▸ **The task**
How many lines of the entries below include the word "which"? Answer with the number alone.

▸ **Extracted records**
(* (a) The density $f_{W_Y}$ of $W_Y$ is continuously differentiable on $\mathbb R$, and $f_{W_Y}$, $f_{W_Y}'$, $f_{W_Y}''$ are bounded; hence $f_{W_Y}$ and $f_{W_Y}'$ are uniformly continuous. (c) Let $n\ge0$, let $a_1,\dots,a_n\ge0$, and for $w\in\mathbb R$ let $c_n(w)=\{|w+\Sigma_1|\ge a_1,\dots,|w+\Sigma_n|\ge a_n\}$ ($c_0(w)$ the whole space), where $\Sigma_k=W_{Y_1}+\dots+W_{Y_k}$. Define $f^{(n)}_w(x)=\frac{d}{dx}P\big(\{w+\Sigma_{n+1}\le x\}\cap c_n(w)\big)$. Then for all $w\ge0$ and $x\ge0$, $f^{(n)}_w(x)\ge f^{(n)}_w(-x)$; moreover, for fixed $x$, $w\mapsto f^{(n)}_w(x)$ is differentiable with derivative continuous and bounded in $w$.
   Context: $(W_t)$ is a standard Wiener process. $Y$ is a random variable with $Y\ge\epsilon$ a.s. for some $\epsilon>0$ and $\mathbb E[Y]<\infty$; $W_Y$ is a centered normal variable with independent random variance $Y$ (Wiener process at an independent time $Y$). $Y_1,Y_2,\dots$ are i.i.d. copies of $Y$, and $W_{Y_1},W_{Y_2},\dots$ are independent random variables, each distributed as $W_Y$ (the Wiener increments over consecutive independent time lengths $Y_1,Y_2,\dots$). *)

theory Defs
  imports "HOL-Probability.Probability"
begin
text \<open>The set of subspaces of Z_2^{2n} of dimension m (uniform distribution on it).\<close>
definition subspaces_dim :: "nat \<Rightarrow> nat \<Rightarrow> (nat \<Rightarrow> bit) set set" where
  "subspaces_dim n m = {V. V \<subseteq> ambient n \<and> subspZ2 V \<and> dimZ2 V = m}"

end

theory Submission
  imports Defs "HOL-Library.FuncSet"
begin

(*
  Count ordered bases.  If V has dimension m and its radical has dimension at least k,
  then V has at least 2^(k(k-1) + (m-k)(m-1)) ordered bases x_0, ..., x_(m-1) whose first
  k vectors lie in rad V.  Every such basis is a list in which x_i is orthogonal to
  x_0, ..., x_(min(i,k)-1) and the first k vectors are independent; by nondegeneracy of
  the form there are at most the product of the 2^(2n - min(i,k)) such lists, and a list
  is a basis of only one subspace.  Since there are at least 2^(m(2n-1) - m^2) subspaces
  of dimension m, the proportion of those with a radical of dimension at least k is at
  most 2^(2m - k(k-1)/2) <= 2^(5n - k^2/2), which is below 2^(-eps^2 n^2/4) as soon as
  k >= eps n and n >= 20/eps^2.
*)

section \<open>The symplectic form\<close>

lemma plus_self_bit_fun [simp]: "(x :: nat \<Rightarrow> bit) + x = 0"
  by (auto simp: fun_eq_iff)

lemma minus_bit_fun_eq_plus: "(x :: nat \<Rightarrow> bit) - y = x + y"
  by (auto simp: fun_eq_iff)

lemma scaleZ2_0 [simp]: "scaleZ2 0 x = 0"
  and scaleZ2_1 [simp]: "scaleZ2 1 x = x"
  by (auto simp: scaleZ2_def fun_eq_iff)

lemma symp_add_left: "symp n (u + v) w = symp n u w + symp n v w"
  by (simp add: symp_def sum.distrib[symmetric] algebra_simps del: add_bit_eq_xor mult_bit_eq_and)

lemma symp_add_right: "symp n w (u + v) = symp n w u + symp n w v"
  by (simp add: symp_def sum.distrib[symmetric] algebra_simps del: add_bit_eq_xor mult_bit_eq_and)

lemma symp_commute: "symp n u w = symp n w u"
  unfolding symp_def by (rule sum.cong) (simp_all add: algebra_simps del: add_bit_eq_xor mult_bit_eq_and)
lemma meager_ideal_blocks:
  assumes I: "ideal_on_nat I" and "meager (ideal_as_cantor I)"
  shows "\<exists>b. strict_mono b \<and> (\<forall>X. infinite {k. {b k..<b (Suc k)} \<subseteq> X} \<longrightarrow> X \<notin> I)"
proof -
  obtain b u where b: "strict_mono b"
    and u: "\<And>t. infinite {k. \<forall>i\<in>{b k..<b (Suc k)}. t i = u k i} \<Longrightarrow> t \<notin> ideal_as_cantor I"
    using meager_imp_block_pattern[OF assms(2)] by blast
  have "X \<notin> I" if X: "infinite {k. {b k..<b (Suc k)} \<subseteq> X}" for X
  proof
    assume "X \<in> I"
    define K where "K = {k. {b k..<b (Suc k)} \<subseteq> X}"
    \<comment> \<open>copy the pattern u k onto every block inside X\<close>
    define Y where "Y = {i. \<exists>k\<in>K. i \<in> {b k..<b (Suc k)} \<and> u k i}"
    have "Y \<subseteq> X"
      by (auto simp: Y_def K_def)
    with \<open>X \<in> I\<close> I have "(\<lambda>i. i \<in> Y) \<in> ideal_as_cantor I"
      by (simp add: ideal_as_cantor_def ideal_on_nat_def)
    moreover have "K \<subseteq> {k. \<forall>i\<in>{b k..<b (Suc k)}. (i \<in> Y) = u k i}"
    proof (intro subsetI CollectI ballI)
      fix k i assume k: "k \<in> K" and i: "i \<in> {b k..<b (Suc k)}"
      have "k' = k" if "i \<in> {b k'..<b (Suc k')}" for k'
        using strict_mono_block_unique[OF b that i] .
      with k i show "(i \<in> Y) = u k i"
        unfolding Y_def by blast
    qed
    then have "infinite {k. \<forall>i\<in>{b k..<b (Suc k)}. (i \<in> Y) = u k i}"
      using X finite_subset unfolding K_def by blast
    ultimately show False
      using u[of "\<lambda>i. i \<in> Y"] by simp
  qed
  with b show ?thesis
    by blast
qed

▸ **Response area**
2